WORK TASK :: Below are some records. Say how many of their lines include the string "Longrightarrow", giving only the number.

----

(* Let $\mathbb{K}$ be a field. Every variety $X_{\mathbb{E}_6}(\boldsymbol{\alpha})$ (with $\boldsymbol{\alpha}$ a family of invertible elements of $\mathbb{K}$) is isomorphic to $X_{\mathbb{E}_6}(1,\dots,1)$. Every variety $X_{\mathbb{E}_7}(\boldsymbol{\alpha})$ is isomorphic to $X_{\mathbb{E}_7}(1,\dots,1,\alpha)$ for some $\alpha\in\mathbb{K}^*$, where $\alpha$ is the value on the last vertex (the leaf) of the long branch of $\mathbb{E}_7$ and all other values are $1$. Every variety $X_{\mathbb{E}_8}(\boldsymbol{\alpha})$ is isomorphic to $X_{\mathbb{E}_8}(1,\dots,1)$.
   Context: For a finite tree $T$ and a family $\boldsymbol{\alpha}=(\alpha_t)_{t\in T}$ of invertible elements of $\mathbb{K}$, $X_T(\boldsymbol{\alpha})$ is the affine variety over $\mathbb{K}$ with coordinates $x_t,x'_t$ ($t\in T$) defined by $x_tx'_t=1+\alpha_t\prod_{s-t}x_s$, the product over the neighbors $s$ of $t$. For $m=6,7,8$, $\mathbb{E}_m$ is the tree with a central vertex from which three branches (paths) emanate, containing $1$, $2$ and $m-4$ further vertices respectively; the long branch is the one with $m-4$ vertices. *)

theory Defs
  imports "HOL-Library.Poly_Mapping"
begin

type_synonym 'a mpoly = "(nat \<Rightarrow>\<^sub>0 nat) \<Rightarrow>\<^sub>0 'a"

definition Var :: "nat \<Rightarrow> 'a::comm_ring_1 mpoly" where
  "Var i = Poly_Mapping.single (Poly_Mapping.single i 1) 1"

definition Const :: "'a::comm_ring_1 \<Rightarrow> 'a mpoly" where
  "Const c = Poly_Mapping.single 0 c"

definition vars :: "'a::comm_ring_1 mpoly \<Rightarrow> nat set" where
  "vars p = \<Union> (Poly_Mapping.keys ` Poly_Mapping.keys p)"

definition subst :: "(nat \<Rightarrow> 'a::comm_ring_1 mpoly) \<Rightarrow> 'a mpoly \<Rightarrow> 'a mpoly" where
  "subst \<sigma> p = (\<Sum>m\<in>Poly_Mapping.keys p.
      Const (Poly_Mapping.lookup p m) * (\<Prod>i\<in>Poly_Mapping.keys m. \<sigma> i ^ Poly_Mapping.lookup m i))"

definition gen_ideal :: "nat set \<Rightarrow> 'a::comm_ring_1 mpoly set \<Rightarrow> 'a mpoly set" where
  "gen_ideal C G = {p. \<exists>c. (\<forall>g\<in>G. vars (c g) \<subseteq> C) \<and> p = (\<Sum>g\<in>G. c g * g)}"

text \<open>Isomorphism of the affine varieties Spec K[x_C1]/(G1) and Spec K[x_C2]/(G2):
  polynomial maps F (from the first to the second) and H (back) which are well
  defined on the quotient rings and mutually inverse modulo the ideals.\<close>
definition affine_iso :: "nat set \<Rightarrow> 'a::field mpoly set \<Rightarrow> nat set \<Rightarrow> 'a mpoly set \<Rightarrow> bool" where
  "affine_iso C1 G1 C2 G2 \<longleftrightarrow>
     (\<exists>F H. (\<forall>i\<in>C2. vars (F i) \<subseteq> C1) \<and> (\<forall>j\<in>C1. vars (H j) \<subseteq> C2) \<and>
        (\<forall>g\<in>G2. subst F g \<in> gen_ideal C1 G1) \<and>
        (\<forall>g\<in>G1. subst H g \<in> gen_ideal C2 G2) \<and>
        (\<forall>j\<in>C1. subst F (H j) - Var j \<in> gen_ideal C1 G1) \<and>
        (\<forall>i\<in>C2. subst H (F i) - Var i \<in> gen_ideal C2 G2))"

text \<open>Coordinates of X_T: x_t is variable 2t, x'_t is variable 2t+1.\<close>
definition tree_coords :: "nat set \<Rightarrow> nat set" where
  "tree_coords V = (\<lambda>t. 2*t) ` V \<union> (\<lambda>t. 2*t+1) ` V"

definition tree_gens :: "nat set \<Rightarrow> (nat \<Rightarrow> nat \<Rightarrow> bool) \<Rightarrow> (nat \<Rightarrow> 'a::field) \<Rightarrow> 'a mpoly set" where
  "tree_gens V adj \<alpha> = (\<lambda>t. Var (2*t) * Var (2*t+1) - 1
       - Const (\<alpha> t) * (\<Prod>s\<in>{s\<in>V. adj s t}. Var (2*s))) ` V"

definition X_iso :: "nat set \<Rightarrow> (nat \<Rightarrow> nat \<Rightarrow> bool) \<Rightarrow> (nat \<Rightarrow> 'a::field) \<Rightarrow> (nat \<Rightarrow> 'a) \<Rightarrow> bool" where
  "X_iso V adj \<alpha> \<beta> = affine_iso (tree_coords V) (tree_gens V adj \<alpha>) (tree_coords V) (tree_gens V adj \<beta>)"

text \<open>The tree E_m on vertices 0..m-1: centre 0; short branch 1; branch 2-3;
  long branch 4-5-...-(m-1), whose leaf is m-1.\<close>
definition E_edge :: "nat \<Rightarrow> nat \<Rightarrow> nat \<Rightarrow> bool" where
  "E_edge m s t \<longleftrightarrow> (s,t) \<in> {(0,1),(0,2),(2,3),(0,4)} \<or> (4 \<le> s \<and> t = s+1 \<and> t < m)"

definition E_adj :: "nat \<Rightarrow> nat \<Rightarrow> nat \<Rightarrow> bool" where
  "E_adj m s t \<longleftrightarrow> s < m \<and> t < m \<and> (E_edge m s t \<or> E_edge m t s)"

end

theory Submission
  imports Defs
begin

text \<open>Rescaling the coordinates, \<open>x\<^sub>t \<mapsto> \<mu>\<^sub>t x\<^sub>t\<close> and \<open>x'\<^sub>t \<mapsto> \<mu>\<^sub>t\<^sup>-\<^sup>1 x'\<^sub>t\<close>, is an isomorphism
  \<open>X\<^sub>T(\<alpha>) \<cong> X\<^sub>T(\<beta>)\<close> whenever \<open>\<alpha>\<^sub>t = \<beta>\<^sub>t \<Prod>\<^sub>s\<^sub>-\<^sub>t \<mu>\<^sub>s\<close> for every vertex \<open>t\<close>. So it suffices to
  solve this multiplicative system for \<open>\<mu>\<close>, which is governed by the adjacency matrix of the
  tree. For \<open>\<bbbE>\<^sub>6\<close> and \<open>\<bbbE>\<^sub>8\<close> that matrix has determinant \<open>\<plusminus>1\<close>, so every \<open>\<alpha>\<close> is reached from
  \<open>\<beta> = 1\<close>; \<open>\<bbbE>\<^sub>7\<close> has an odd number of vertices, hence no perfect matching and a singular
  adjacency matrix, and one free parameter at the leaf remains.\<close>

definition monom_eval :: "(nat \<Rightarrow> 'a::comm_ring_1 mpoly) \<Rightarrow> (nat \<Rightarrow>\<^sub>0 nat) \<Rightarrow> 'a mpoly" where
  "monom_eval \<sigma> m = (\<Prod>i\<in>Poly_Mapping.keys m. \<sigma> i ^ Poly_Mapping.lookup m i)"

lemma monom_eval_superset:
  "finite S \<Longrightarrow> Poly_Mapping.keys m \<subseteq> S \<Longrightarrow>
   monom_eval \<sigma> m = (\<Prod>i\<in>S. \<sigma> i ^ Poly_Mapping.lookup m i)"
  unfolding monom_eval_def by (rule prod.mono_neutral_left) (auto simp: in_keys_iff)

lemma monom_eval_add: "monom_eval \<sigma> (a + b) = monom_eval \<sigma> a * monom_eval \<sigma> b"
proof -
  let ?S = "Poly_Mapping.keys a \<union> Poly_Mapping.keys b"
  have "monom_eval \<sigma> (a + b) = (\<Prod>i\<in>?S. \<sigma> i ^ Poly_Mapping.lookup (a + b) i)"
    using keys_add[of a b] by (intro monom_eval_superset) auto
  also have "\<dots> = (\<Prod>i\<in>?S. \<sigma> i ^ Poly_Mapping.lookup a i) * (\<Prod>i\<in>?S. \<sigma> i ^ Poly_Mapping.lookup b i)"
    by (simp add: lookup_add power_add prod.distrib)
  also have "\<dots> = monom_eval \<sigma> a * monom_eval \<sigma> b"
    by (subst (1 2) monom_eval_superset[symmetric]) auto
  finally show ?thesis .
qed

lemma monom_eval_zero [simp]: "monom_eval \<sigma> 0 = 1"
  by (simp add: monom_eval_def)

lemma monom_eval_single: "monom_eval \<sigma> (Poly_Mapping.single i 1) = \<sigma> i"
proof -
  have "Poly_Mapping.keys (Poly_Mapping.single i (1::nat)) = {i}"
    by simp
  then show ?thesis
    by (simp add: monom_eval_def)
qed

lemma Const_add: "Const (a + b) = Const a + Const b"
  by (simp add: Const_def single_add)

lemma Const_mult: "Const (a * b) = Const a * Const b"
  by (simp add: Const_def mult_single)

lemma Const_0 [simp]: "Const 0 = 0"
  by (simp add: Const_def)

lemma Const_1 [simp]: "Const 1 = 1"
  by (simp add: Const_def)

lemma Const_prod: "Const (\<Prod>i\<in>A. f i) = (\<Prod>i\<in>A. Const (f i))"
  by (induction A rule: infinite_finite_induct) (auto simp: Const_mult)

lemma subst_eq_sum_monom_eval:
  "subst \<sigma> p = (\<Sum>m\<in>Poly_Mapping.keys p. Const (Poly_Mapping.lookup p m) * monom_eval \<sigma> m)"
  by (simp add: subst_def monom_eval_def)

lemma subst_superset:
  "finite S \<Longrightarrow> Poly_Mapping.keys p \<subseteq> S \<Longrightarrow>
   subst \<sigma> p = (\<Sum>m\<in>S. Const (Poly_Mapping.lookup p m) * monom_eval \<sigma> m)"
  unfolding subst_eq_sum_monom_eval by (rule sum.mono_neutral_left) (auto simp: in_keys_iff)

lemma subst_single: "subst \<sigma> (Poly_Mapping.single m c) = Const c * monom_eval \<sigma> m"
  by (subst subst_superset[of "{m}"]) auto

lemma subst_0 [simp]: "subst \<sigma> 0 = 0"
  by (simp add: subst_def)

lemma subst_add: "subst \<sigma> (p + q) = subst \<sigma> p + subst \<sigma> q"
proof -
  let ?S = "Poly_Mapping.keys p \<union> Poly_Mapping.keys q"
  let ?t = "\<lambda>r m. Const (Poly_Mapping.lookup r m) * monom_eval \<sigma> m"
  have "subst \<sigma> (p + q) = (\<Sum>m\<in>?S. ?t (p + q) m)"
    using keys_add[of p q] by (intro subst_superset) auto
  also have "\<dots> = (\<Sum>m\<in>?S. ?t p m) + (\<Sum>m\<in>?S. ?t q m)"
    by (simp add: lookup_add Const_add distrib_right sum.distrib)
  also have "\<dots> = subst \<sigma> p + subst \<sigma> q"
    by (subst (1 2) subst_superset[symmetric]) auto
  finally show ?thesis .
qed

lemma subst_diff: "subst \<sigma> (p - q) = subst \<sigma> p - subst \<sigma> q"
  using subst_add[of \<sigma> "p - q" q] by (simp add: eq_diff_eq)

lemma subst_sum: "subst \<sigma> (\<Sum>i\<in>A. f i) = (\<Sum>i\<in>A. subst \<sigma> (f i))"
  by (induction A rule: infinite_finite_induct) (auto simp: subst_add)

lemma poly_mapping_sum_single:
  "p = (\<Sum>m\<in>Poly_Mapping.keys p. Poly_Mapping.single m (Poly_Mapping.lookup p m))"
  by (rule poly_mapping_eqI) (simp add: lookup_sum lookup_single when_def in_keys_iff)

----

ANSWER SPACE :: 2